Eventually managed to brew coffee, shower and get geared.  Drove out the 280, missed John Daly and had to swing back around to get through Westlake to the coast.  Seemed like I drove a constant long time.  Parked at the Beach Chalet, just getting lucky enough to get a parking spot in the lot cos today is Mother’s Day and that is the spot for brunch.  Warmed up lightly and hit the bridle trail on the median strip of the Great Highway.

Different feeling, this Sunday afternoon recreation as opposed to the weekday early morning before the commute workout.  Really, I just wanted to get it over with.  Described as sunny and breezy, I don’t think I can get more explicit than that. Kind of wish I had shot my Fluonaise or taken a Loratidine, but it really wasn’t unbearable and guys were all in shorts and 1 or 2 with no top.  Suffer? Hele on.

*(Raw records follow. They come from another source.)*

(* Let $X$ be a locally convex space, let $A:X\rightrightarrows X^{*}$ be representable, and let $C\subset X$ be closed and convex. If $D(A)\cap\operatorname{int}C\neq\emptyset$, then $A+N_{C}$ is representable.
   Context: $X$ is a non-trivial Hausdorff locally convex space with topology $\tau$, $X^{*}$ its dual with weak-star topology $\omega^*$, $Z=X\times X^*$ with topology $\tau\times\omega^*$, $c(x,x^{*})=\langle x,x^{*}\rangle$. Operators are identified with their graphs; $D(A)$ is the domain. $N_C$ is the normal cone: $N_C(x)=\{x^*\mid\langle y-x,x^*\rangle\le0\ \forall y\in C\}$ for $x\in C$, $N_C(x)=\emptyset$ otherwise; $(A+N_C)(x)=Ax+N_C(x)$. $T$ is representable if there is a proper convex $\tau\times\omega^{*}$-lsc $h:Z\to\overline{\mathbb{R}}$ with $h\ge c$ and $\{z\mid h(z)=c(z)\}=\operatorname{Graph}T$. *)

theory Defs
  imports "HOL-Analysis.Analysis"
begin

definition lcs :: "'a::real_vector topology \<Rightarrow> bool" where
  "lcs \<tau> \<longleftrightarrow>
     topspace \<tau> = UNIV \<and>
     Hausdorff_space \<tau> \<and>
     continuous_map (prod_topology \<tau> \<tau>) \<tau> (\<lambda>(x, y). x + y) \<and>
     continuous_map (prod_topology euclideanreal \<tau>) \<tau> (\<lambda>(t, x). t *\<^sub>R x) \<and>
     (\<forall>U. openin \<tau> U \<and> 0 \<in> U \<longrightarrow> (\<exists>V. openin \<tau> V \<and> convex V \<and> 0 \<in> V \<and> V \<subseteq> U))"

Today’s workout felt like a chore.  One thing I needed to do on an interminable to do list.  But it got done.  Legs felt heavy, was faster than I felt.  I only wanted to increase 10% more than the Lands End Trail I was running, but in reality it was more.  I went from a 3.42 to a 4.32 mile distance so I’ m roughly estimating that this is a 20% increase.  I need to take the next trail really slow and try not to do more than 4.75 mile run. However, I’m thinking my next base run will be McNee Ranch trail above Grey Whale Cove.  Want some more elevation after this flat.

Afterwards, went to the Castro to get my coffee.  New girl at the shop ground the beans I asked for whole, but didn’t really care enough to correct her.  Lovers holding hands made me jealous.  I was thinking, on the way back from the Great Highway about the breakdown I had when I realized that I couldn’t stand to be in a long distance relationship with Ionnass for another year and how I cried and how angry I was in the Contour.  But fuck, shit, I’m hot.  I just don’t understand what the deal is, but I am complicated.  I’ll give anyone who isn’t feeling me or that is intimidated the benefit of that doubt.  Saw some dysmorphic bodies in and out of the gay Golds.  I’m happy I’m a runner.  I’ll never see myself like that.

Got obsessed with Sangria, so went to Foodsco and got the wine and cheese.  Then I realized I didn’t have a pitcher so went to 6 different places, came home and realized that I could just use the blender.